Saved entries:

lemma expectation_sa_dist_Suc:
  fixes f :: "'s \<times> 'a \<Rightarrow> real"
  assumes "\<And>x. \<bar>f x\<bar> \<le> B"
  shows "measure_pmf.expectation (sa_dist T \<pi> s (Suc t)) f
       = measure_pmf.expectation (sa_dist T \<pi> s t) (step_expectation T \<pi> f)"
  unfolding sa_dist.simps
  by (subst expectation_bind_pmf[OF assms], rule Bochner_Integration.integral_cong)
     (auto simp: step_expectation_def expectation_bind_pmf[OF assms])

lemma step_expectation_diff_le_TV:
  assumes "\<And>x. 0 \<le> f x \<and> f x \<le> 1"
  shows "step_expectation T \<pi> f y - step_expectation T' \<pi> f y \<le> (\<lambda>(x, a). TV (T x a) (T' x a)) y"
proof -
  obtain x a where y: "y = (x, a)" by (cases y)
  have "\<bar>measure_pmf.expectation (\<pi> x') (\<lambda>a'. f (x', a'))\<bar> \<le> 1" for x'
    by (rule abs_expectation_le) (use assms in \<open>simp add: abs_le_iff\<close>)
  hence "\<bar>step_expectation T \<pi> f y - step_expectation T' \<pi> f y\<bar> \<le> 1 * TV (T x a) (T' x a)"
    unfolding step_expectation_def y by (simp only: prod.case) (rule abs_expectation_diff_le_TV)
  thus ?thesis by (simp add: y)
qed

lemma expectation_step_expectation_diff_le_TV:
  assumes unit: "\<And>x. 0 \<le> f x \<and> f x \<le> 1"
  shows "measure_pmf.expectation p (step_expectation T \<pi> f) - measure_pmf.expectation p (step_expectation T' \<pi> f)
     \<le> measure_pmf.expectation p (\<lambda>(x, a). TV (T x a) (T' x a))"
proof -
  have step_bound: "\<bar>step_expectation S \<pi> f y\<bar> \<le> 1" for S y
    by (rule abs_step_expectation_le) (use unit in \<open>simp add: abs_le_iff\<close>)
  have "measure_pmf.expectation p (step_expectation T \<pi> f) - measure_pmf.expectation p (step_expectation T' \<pi> f)
      = measure_pmf.expectation p (\<lambda>y. step_expectation T \<pi> f y - step_expectation T' \<pi> f y)"
    using integrable_pmf_bounded[where f="step_expectation T \<pi> f", OF step_bound]
          integrable_pmf_bounded[where f="step_expectation T' \<pi> f", OF step_bound]
    by simp
  also have "\<dots> \<le> measure_pmf.expectation p (\<lambda>(x, a). TV (T x a) (T' x a))"
  proof (rule expectation_mono_bounded[where B=2 and B'=2])
    fix y
    show "\<bar>step_expectation T \<pi> f y - step_expectation T' \<pi> f y\<bar> \<le> 2"
      using step_bound[of T y] step_bound[of T' y] by linarith
    show "\<bar>(\<lambda>(x, a). TV (T x a) (T' x a)) y\<bar> \<le> 2"
      by (cases y) (simp add: TV_nonneg TV_le_2)
    show "step_expectation T \<pi> f y - step_expectation T' \<pi> f y \<le> (\<lambda>(x, a). TV (T x a) (T' x a)) y"
      by (rule step_expectation_diff_le_TV[where f=f, OF unit])
  qed
  finally show ?thesis .
qed

locale discounted_mdp =
  fixes r :: "'s \<Rightarrow> 'a \<Rightarrow> real" and \<gamma> :: real
  assumes gamma_nonneg: "0 \<le> \<gamma>" and gamma_less_1: "\<gamma> < 1"
    and reward_nonneg: "\<forall>s a. 0 \<le> r s a" and reward_bdd_above: "bdd_above (range (case_prod r))"
begin

lemma reward_le_Rmax: "r s a \<le> Rmax r"
  using cSUP_upper[OF UNIV_I reward_bdd_above, of "(s, a)"] by (simp add: Rmax_def)

lemma Rmax_nonneg: "0 \<le> Rmax r"
  using reward_le_Rmax reward_nonneg by (meson order.trans)

lemma Vmax_nonneg: "0 \<le> Vmax r \<gamma>"
  using Rmax_nonneg gamma_less_1 by (simp add: Vmax_def)

lemma abs_reward_le: "\<bar>case_prod r x\<bar> \<le> Rmax r"
  using reward_le_Rmax reward_nonneg by (cases x) auto

lemma summable_discounted: "(\<And>t. \<bar>f t\<bar> \<le> B) \<Longrightarrow> summable (\<lambda>t. \<gamma>^t * f t)"
  using gamma_nonneg gamma_less_1
  by (intro summable_comparison_test'[OF summable_mult2[OF summable_geometric, of \<gamma> B]])
     (auto simp: abs_mult intro!: mult_left_mono)

definition expected_reward :: "('s,'a) kernel \<Rightarrow> ('s,'a) policy \<Rightarrow> nat \<Rightarrow> 's \<Rightarrow> real" where
  "expected_reward T \<pi> t s = measure_pmf.expectation (sa_dist T \<pi> s t) (\<lambda>(x, a). r x a)"

lemma abs_expected_reward_le: "\<bar>expected_reward T \<pi> t s\<bar> \<le> Rmax r"
  unfolding expected_reward_def by (rule abs_expectation_le[OF abs_reward_le])

lemma expected_reward_nonneg: "0 \<le> expected_reward T \<pi> t s"
  unfolding expected_reward_def by (rule integral_nonneg_AE) (use reward_nonneg in auto)

lemma expected_reward_Suc:
  "expected_reward T \<pi> (Suc t) s
     = measure_pmf.expectation (\<pi> s) (\<lambda>a. measure_pmf.expectation (T s a) (expected_reward T \<pi> t))"
  unfolding expected_reward_def sa_dist_Suc_first_step
  by (simp add: expectation_bind_pmf[OF abs_reward_le] expectation_bind_pmf[OF abs_expectation_le[OF abs_reward_le]])

lemma Vfun_eq_suminf: "Vfun r \<gamma> T \<pi> s = (\<Sum>t. \<gamma>^t * expected_reward T \<pi> t s)"
  by (simp add: Vfun_def expected_reward_def)

lemma Vfun_nonneg: "0 \<le> Vfun r \<gamma> T \<pi> s"
  unfolding Vfun_eq_suminf
  by (rule suminf_nonneg[OF summable_discounted[OF abs_expected_reward_le]])
     (use gamma_nonneg expected_reward_nonneg in auto)

lemma Vfun_le_Vmax: "Vfun r \<gamma> T \<pi> s \<le> Vmax r \<gamma>"
proof -
  have "(\<Sum>t. \<gamma>^t * expected_reward T \<pi> t s) \<le> (\<Sum>t. \<gamma>^t * Rmax r)"
    by (rule suminf_le[OF _ summable_discounted[OF abs_expected_reward_le] summable_discounted])
       (use abs_expected_reward_le gamma_nonneg Rmax_nonneg in \<open>auto intro!: mult_left_mono simp: abs_le_iff\<close>)
  also have "\<dots> = Rmax r / (1 - \<gamma>)"
    using gamma_nonneg gamma_less_1
    by (simp add: suminf_mult2[symmetric, OF summable_geometric] suminf_geometric)
  finally show ?thesis by (simp add: Vfun_eq_suminf Vmax_def)
qed

lemma abs_Vfun_le: "\<bar>Vfun r \<gamma> T \<pi> s\<bar> \<le> Vmax r \<gamma>"
  using Vfun_nonneg Vfun_le_Vmax by auto

lemma abs_expectation_Vfun_le: "\<bar>measure_pmf.expectation p (Vfun r \<gamma> T \<pi>)\<bar> \<le> Vmax r \<gamma>"
  by (rule abs_expectation_le[OF abs_Vfun_le])

definition Qfun :: "('s,'a) kernel \<Rightarrow> ('s,'a) policy \<Rightarrow> 's \<times> 'a \<Rightarrow> real" where
  "Qfun T \<pi> = (\<lambda>(x, a). r x a + \<gamma> * measure_pmf.expectation (T x a) (Vfun r \<gamma> T \<pi>))"

lemma abs_Qfun_le: "\<bar>Qfun T \<pi> y\<bar> \<le> Rmax r + Vmax r \<gamma>"
proof -
  obtain x a where y: "y = (x, a)" by (cases y)
  have "\<bar>\<gamma> * measure_pmf.expectation (T x a) (Vfun r \<gamma> T \<pi>)\<bar> \<le> 1 * Vmax r \<gamma>"
    unfolding abs_mult using gamma_nonneg gamma_less_1 abs_expectation_Vfun_le
    by (intro mult_mono) auto
  thus ?thesis using abs_reward_le[of y] unfolding Qfun_def y by auto
qed

lemma Vfun_bellman: "Vfun r \<gamma> T \<pi> s = measure_pmf.expectation (\<pi> s) (\<lambda>a. Qfun T \<pi> (s, a))"
proof -
  let ?E = "\<lambda>t a. measure_pmf.expectation (T s a) (expected_reward T \<pi> t)"
  have bounded: "\<bar>?E t a\<bar> \<le> Rmax r" for t a
    by (rule abs_expectation_le[OF abs_expected_reward_le])
  have summable: "summable (\<lambda>t. \<gamma>^t * expected_reward T \<pi> t s)"
    by (rule summable_discounted[OF abs_expected_reward_le])
  have "Vfun r \<gamma> T \<pi> s = expected_reward T \<pi> 0 s + (\<Sum>t. \<gamma>^Suc t * expected_reward T \<pi> (Suc t) s)"
    unfolding Vfun_eq_suminf using suminf_split_head[OF summable] by simp
  also have "(\<Sum>t. \<gamma>^Suc t * expected_reward T \<pi> (Suc t) s)
      = \<gamma> * (\<Sum>t. \<gamma>^t * measure_pmf.expectation (\<pi> s) (\<lambda>a. ?E t a))"
    unfolding expected_reward_Suc power_Suc mult.assoc
    by (rule suminf_mult[OF summable_discounted[OF abs_expectation_le[OF bounded]]])
  also have "(\<Sum>t. \<gamma>^t * measure_pmf.expectation (\<pi> s) (\<lambda>a. ?E t a))
      = measure_pmf.expectation (\<pi> s) (\<lambda>a. measure_pmf.expectation (T s a) (Vfun r \<gamma> T \<pi>))"
    unfolding Vfun_eq_suminf
    by (subst expectation_discounted_suminf[OF gamma_nonneg gamma_less_1 abs_expected_reward_le],
        rule expectation_discounted_suminf[symmetric, OF gamma_nonneg gamma_less_1 bounded])
  finally have "Vfun r \<gamma> T \<pi> s = expected_reward T \<pi> 0 s
      + \<gamma> * measure_pmf.expectation (\<pi> s) (\<lambda>a. measure_pmf.expectation (T s a) (Vfun r \<gamma> T \<pi>))" .
  moreover have "integrable (measure_pmf (\<pi> s)) (\<lambda>a. r s a)"
    by (rule integrable_pmf_bounded[where B="Rmax r"]) (use abs_reward_le[of "(s, _)"] in auto)
  moreover have "integrable (measure_pmf (\<pi> s)) (\<lambda>a. measure_pmf.expectation (T s a) (Vfun r \<gamma> T \<pi>))"
    by (rule integrable_pmf_bounded[OF abs_expectation_Vfun_le])
  ultimately show ?thesis by (simp add: expected_reward_def Qfun_def)
qed

lemma step_expectation_Qfun:
  "step_expectation T \<pi> (Qfun T' \<pi>) = (\<lambda>(x, a). measure_pmf.expectation (T x a) (Vfun r \<gamma> T' \<pi>))"
  by (simp add: step_expectation_def Vfun_bellman[symmetric])

end

context discounted_mdp
begin

text \<open>The normalized occupancy is the law of the state-action pair at an independent time
  with distribution geometric_pmf (1 - \<gamma>).\<close>
definition occ_pmf :: "'s \<Rightarrow> ('s,'a) kernel \<Rightarrow> ('s,'a) policy \<Rightarrow> ('s \<times> 'a) pmf" where
  "occ_pmf s0 T \<pi> = bind_pmf (geometric_pmf (1 - \<gamma>)) (sa_dist T \<pi> s0)"

lemma expectation_geometric:
  fixes f :: "nat \<Rightarrow> real"
  assumes "\<And>t. \<bar>f t\<bar> \<le> B"
  shows "measure_pmf.expectation (geometric_pmf (1 - \<gamma>)) f = (1 - \<gamma>) * (\<Sum>t. \<gamma>^t * f t)"
proof -
  have "measure_pmf.expectation (geometric_pmf (1 - \<gamma>)) f = (\<Sum>t. (1 - \<gamma>) * (\<gamma>^t * f t))"
    using gamma_nonneg gamma_less_1 by (subst expectation_eq_suminf_nat[OF assms]) (simp add: mult_ac)
  also have "\<dots> = (1 - \<gamma>) * (\<Sum>t. \<gamma>^t * f t)"
    by (rule suminf_mult[OF summable_discounted[OF assms]])
  finally show ?thesis .
qed

lemma occ_eq_pmf_occ_pmf: "occ \<gamma> s0 T \<pi> = pmf (occ_pmf s0 T \<pi>)"
proof
  fix x
  have "pmf (occ_pmf s0 T \<pi>) x
      = measure_pmf.expectation (geometric_pmf (1 - \<gamma>)) (\<lambda>t. pmf (sa_dist T \<pi> s0 t) x)"
    by (simp add: occ_pmf_def pmf_bind)
  also have "\<dots> = (1 - \<gamma>) * (\<Sum>t. \<gamma>^t * pmf (sa_dist T \<pi> s0 t) x)"
    by (rule expectation_geometric[where B=1]) (simp add: pmf_le_1)
  finally show "occ \<gamma> s0 T \<pi> x = pmf (occ_pmf s0 T \<pi>) x" by (simp add: occ_def)
qed

lemma occ_exp_occ_eq_expectation:
  fixes f :: "'s \<times> 'a \<Rightarrow> real"
  assumes "\<And>x. \<bar>f x\<bar> \<le> B"
  shows "occ_exp (occ \<gamma> s0 T \<pi>) f = measure_pmf.expectation (occ_pmf s0 T \<pi>) f"
  by (simp add: occ_exp_def occ_eq_pmf_occ_pmf expectation_eq_infsum_pmf[OF assms])

lemma expectation_occ_pmf:
  fixes f :: "'s \<times> 'a \<Rightarrow> real"
  assumes "\<And>x. \<bar>f x\<bar> \<le> B"
  shows "measure_pmf.expectation (occ_pmf s0 T \<pi>) f
       = (1 - \<gamma>) * (\<Sum>t. \<gamma>^t * measure_pmf.expectation (sa_dist T \<pi> s0 t) f)"
  unfolding occ_pmf_def
  by (subst expectation_bind_pmf[OF assms], rule expectation_geometric)
     (rule abs_expectation_le[OF assms])

lemma suminf_discounted_expectation_sa_dist:
  fixes f :: "'s \<times> 'a \<Rightarrow> real"
  assumes "\<And>x. \<bar>f x\<bar> \<le> B"
  shows "(\<Sum>t. \<gamma>^t * measure_pmf.expectation (sa_dist T \<pi> s0 t) f)
       = measure_pmf.expectation (occ_pmf s0 T \<pi>) f / (1 - \<gamma>)"
  using expectation_occ_pmf[OF assms, of s0 T \<pi>] gamma_less_1 by simp

lemma discounted_telescope_sums:
  assumes "\<And>t. \<bar>u t\<bar> \<le> B"
  shows "(\<lambda>t. \<gamma>^t * u t - \<gamma>^Suc t * u (Suc t)) sums u 0"
proof -
  have "(\<lambda>t. \<gamma>^t * u t) \<longlonglongrightarrow> 0"
  proof (rule Lim_null_comparison)
    show "\<forall>\<^sub>F t in sequentially. norm (\<gamma>^t * u t) \<le> \<gamma>^t * B"
      using assms gamma_nonneg by (intro always_eventually allI) (auto simp: abs_mult intro!: mult_left_mono)
    show "(\<lambda>t. \<gamma>^t * B) \<longlonglongrightarrow> 0"
      using gamma_nonneg gamma_less_1 by (intro tendsto_mult_left_zero LIMSEQ_power_zero) auto
  qed
  from telescope_sums'[OF this] show ?thesis by simp
qed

### WORK ITEM
Tell how many lines in the entries contain the string "subst". Give the number and nothing more.

### SOLUTION FOR THIS TASK
4